> _Work to be completed_
Set down, please, exactly the lines below that run from the line with "text \<open>Non-degenerate singular" to the line with "z + cnj a)^2", both lines included.

> _Record extracts_
lemma cross_intersecting_dictator:
  assumes "i \<in> {1..n}"
  shows "cross_intersecting n (dictator n p i j) (dictator n p i j)"
  unfolding r_cross_intersecting_def r_intersecting_def
proof (intro ballI)
  fix x y assume "x \<in> dictator n p i j" "y \<in> dictator n p i j"
  then have "i \<in> {l \<in> {1..n}. x l = y l}" using assms by (simp add: dictator_def)
  then have "0 < card {l \<in> {1..n}. x l = y l}"
    by (auto simp: card_gt_0_iff)
  then show "1 \<le> card {l \<in> {1..n}. x l = y l}" by simp
qed

lemma dictator_if_slices_eq_dictator:
  assumes "A \<subseteq> Sp (Suc n) p" "i \<in> {1..n}"
    and "\<forall>j\<in>{1..p (Suc n)}. slice n A j = dictator n p i j0"
  shows "A = dictator (Suc n) p i j0"
proof -
  have "x \<in> A \<longleftrightarrow> x i = j0" if x: "x \<in> Sp (Suc n) p" for x
  proof -
    have "x \<in> A \<longleftrightarrow> restrict x {1..n} \<in> dictator n p i j0"
      using mem_iff_restrict_mem_slice[OF assms(1) x] assms(3) last_mem_Sp[OF x] by simp
    also have "\<dots> \<longleftrightarrow> x i = j0"
      using restrict_mem_Sp[OF x] assms(2) by (simp add: dictator_def)
    finally show ?thesis .
  qed
  then show ?thesis using assms(1) by (auto simp: dictator_def)
qed

lemma dictator_last_if_slice_densities:
  assumes "A \<subseteq> Sp (Suc n) p" "density n p (slice n A j0) = 1"
    and "\<forall>j\<in>{1..p (Suc n)} - {j0}. density n p (slice n A j) = 0"
  shows "A = dictator (Suc n) p (Suc n) j0"
proof -
  have full: "slice n A j0 = Sp n p"
    using density_eq_1_imp[OF slice_subset_Sp[OF assms(1)] assms(2)] .
  have empty: "slice n A j = {}" if "j \<in> {1..p (Suc n)} - {j0}" for j
    using density_eq_0_imp[OF slice_subset_Sp[OF assms(1)]] assms(3) that by blast
  have "x \<in> A \<longleftrightarrow> x (Suc n) = j0" if x: "x \<in> Sp (Suc n) p" for x
    using mem_iff_restrict_mem_slice[OF assms(1) x] full empty restrict_mem_Sp[OF x] last_mem_Sp[OF x]
    by (cases "x (Suc n) = j0") auto
  then show ?thesis using assms(1) by (auto simp: dictator_def)
qed
(* Fix a positive integer $m$. Let $f:D\to S^3_1$ be a CMC $1$ face with Weierstrass data $(g,\omega)$, $p\in\Sigma(f)$ a non-degenerate singular point, and $(\tilde g,\tilde\omega)$ equivalent Weierstrass data ($\tilde g=\frac{ag+b}{\bar bg+\bar a}$, $\tilde\omega=(\bar bg+\bar a)^2\omega$, $|a|^2-|b|^2=1$), with characteristic pairs $(\varphi,V)$, $(\tilde\varphi,\tilde V)$. Write $i=\sqrt{-1}$. (1) If $\operatorname{Re}(i^kV^k\varphi)(p)=0$ for $k=0,\dots,m-1$, then $|ag(p)+b|^{2(m-2)}\operatorname{Re}(i^mV^m\varphi)(p)=\operatorname{Re}(i^m\tilde V^m\tilde\varphi)(p)$. In particular, [for all such data] one has $\operatorname{Re}(i^mV^m\varphi)(p)=\operatorname{Re}(i^m\tilde V^m\tilde\varphi)(p)$ under these hypotheses if and only if $m=2$. (2) If $\operatorname{Im}(i^kV^k\varphi)(p)=0$ for $k=0,\dots,m-1$, then $|ag(p)+b|^{2(m-2)}\operatorname{Im}(i^mV^m\varphi)(p)=\operatorname{Im}(i^m\tilde V^m\tilde\varphi)(p)$; in particular the equality $\operatorname{Im}(i^mV^m\varphi)(p)=\operatorname{Im}(i^m\tilde V^m\tilde\varphi)(p)$ holds [for all equivalent data] under these hypotheses if and only if $m=2$. Consequently, at a non-degenerate singular point with $\operatorname{Im}\varphi(p)=\operatorname{Re}V\varphi(p)=0$ the quantity $\alpha(f,p):=\operatorname{Im}V^2\varphi(p)$, and at one with $\operatorname{Re}\varphi(p)=\operatorname{Im}V\varphi(p)=0$ the quantity $\sigma(f,p):=\operatorname{Re}V^2\varphi(p)$, do not depend on the choice of Weierstrass data.
   Context: $S^3_1=\{X\in\mathrm{Herm}(2):\det X=-1\}$. A CMC $1$ face with Weierstrass data $(g,\omega)$ ($g$ meromorphic, $\omega=h\,dz$ holomorphic on a domain $D\subset\mathbb{C}$, $(1+|g|^2)^2|\omega|^2$ Riemannian, $1-|g|^2\not\equiv0$) is $f=Fe_3F^*$ with $F:D\to SL(2,\mathbb{C})$ holomorphic, $F^{-1}dF=\begin{pmatrix}g&-g^2\\1&-g\end{pmatrix}\omega$, $e_3=\mathrm{diag}(1,-1)$. Equivalent Weierstrass data (related as in the claim) describe the same face up to congruence. Singular set $\Sigma(f)=\{|g|=1\}$; non-degenerate means $dg(p)\neq0$. Characteristic pair: $\varphi=dg/(g^2\omega)$, $V=g\,d/dg$ ($V\psi=g\psi_z/g_z$), iterates $V^k$. *)

theory Defs
  imports "HOL-Complex_Analysis.Complex_Analysis"
begin

text \<open>Weierstrass data (g, omega = h dz) on a domain D.  The meromorphic function g
  is represented by a function that is analytic at every point of D except its poles.\<close>

definition weier_matrix :: "(complex \<Rightarrow> complex) \<Rightarrow> (complex \<Rightarrow> complex) \<Rightarrow> complex \<Rightarrow> complex^2^2" where
  "weier_matrix g h z =
     (\<chi> i j. h z * (if i = 1 then (if j = 1 then g z else - (g z * g z))
                              else (if j = 1 then 1 else - g z)))"

text \<open>(g, h dz) is the Weierstrass data of a CMC 1 face f = F e3 F^* on D:
  D is a domain, g meromorphic, h holomorphic, the metric (1+|g|^2)^2 |h|^2 |dz|^2
  is Riemannian, 1 - |g|^2 is not identically zero, and a holomorphic
  F : D \<rightarrow> SL(2,C) with F^{-1} dF = [[g,-g^2],[1,-g]] h dz exists.\<close>

definition cmc1_face_data :: "complex set \<Rightarrow> (complex \<Rightarrow> complex) \<Rightarrow> (complex \<Rightarrow> complex) \<Rightarrow> bool" where
  "cmc1_face_data D g h \<longleftrightarrow>
     open D \<and> connected D \<and> D \<noteq> {} \<and>
     g meromorphic_on D \<and> (\<forall>z\<in>D. g analytic_on {z} \<or> is_pole g z) \<and>
     h holomorphic_on D \<and>
     (\<forall>z\<in>D. g analytic_on {z} \<longrightarrow> h z \<noteq> 0) \<and>
     (\<forall>z\<in>D. is_pole g z \<longrightarrow> zorder h z = - 2 * zorder g z) \<and>
     (\<exists>z\<in>D. is_pole g z \<or> cmod (g z) \<noteq> 1) \<and>
     (\<exists>F :: complex \<Rightarrow> complex^2^2.
        (\<forall>z\<in>D. det (F z) = 1) \<and>
        (\<forall>i j. (\<lambda>w. F w $ i $ j) holomorphic_on D) \<and>
        (\<forall>z\<in>D. g analytic_on {z} \<longrightarrow>
           (\<forall>i j. ((\<lambda>w. F w $ i $ j) has_field_derivative
                      (F z ** weier_matrix g h z) $ i $ j) (at z))))"

text \<open>Non-degenerate singular point: p in Sigma(f) = {|g| = 1} and dg(p) \<noteq> 0.\<close>

definition nondeg_singular_point :: "complex set \<Rightarrow> (complex \<Rightarrow> complex) \<Rightarrow> complex \<Rightarrow> bool" where
  "nondeg_singular_point D g p \<longleftrightarrow>
     p \<in> D \<and> g analytic_on {p} \<and> cmod (g p) = 1 \<and> deriv g p \<noteq> 0"

definition equiv_g :: "complex \<Rightarrow> complex \<Rightarrow> (complex \<Rightarrow> complex) \<Rightarrow> complex \<Rightarrow> complex" where
  "equiv_g a b g z = (a * g z + b) / (cnj b * g z + cnj a)"

definition equiv_h :: "complex \<Rightarrow> complex \<Rightarrow> (complex \<Rightarrow> complex) \<Rightarrow> (complex \<Rightarrow> complex) \<Rightarrow> complex \<Rightarrow> complex" where
  "equiv_h a b g h z = (cnj b * g z + cnj a)^2 * h z"

definition char_phi :: "(complex \<Rightarrow> complex) \<Rightarrow> (complex \<Rightarrow> complex) \<Rightarrow> complex \<Rightarrow> complex" where
  "char_phi g h z = deriv g z / ((g z)^2 * h z)"

definition char_V :: "(complex \<Rightarrow> complex) \<Rightarrow> (complex \<Rightarrow> complex) \<Rightarrow> complex \<Rightarrow> complex" where
  "char_V g \<psi> z = g z * deriv \<psi> z / deriv g z"

definition char_iter :: "(complex \<Rightarrow> complex) \<Rightarrow> (complex \<Rightarrow> complex) \<Rightarrow> nat \<Rightarrow> complex \<Rightarrow> complex" where
  "char_iter g h k z = \<i> ^ k * (((char_V g) ^^ k) (char_phi g h)) z"

end

theory Submission
  imports Defs
begin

> _Written response_
text \<open>Non-degenerate singular point: p in Sigma(f) = {|g| = 1} and dg(p) \<noteq> 0.\<close>

definition nondeg_singular_point :: "complex set \<Rightarrow> (complex \<Rightarrow> complex) \<Rightarrow> complex \<Rightarrow> bool" where
  "nondeg_singular_point D g p \<longleftrightarrow>
     p \<in> D \<and> g analytic_on {p} \<and> cmod (g p) = 1 \<and> deriv g p \<noteq> 0"

definition equiv_g :: "complex \<Rightarrow> complex \<Rightarrow> (complex \<Rightarrow> complex) \<Rightarrow> complex \<Rightarrow> complex" where
  "equiv_g a b g z = (a * g z + b) / (cnj b * g z + cnj a)"

definition equiv_h :: "complex \<Rightarrow> complex \<Rightarrow> (complex \<Rightarrow> complex) \<Rightarrow> (complex \<Rightarrow> complex) \<Rightarrow> complex \<Rightarrow> complex" where
  "equiv_h a b g h z = (cnj b * g z + cnj a)^2 * h z"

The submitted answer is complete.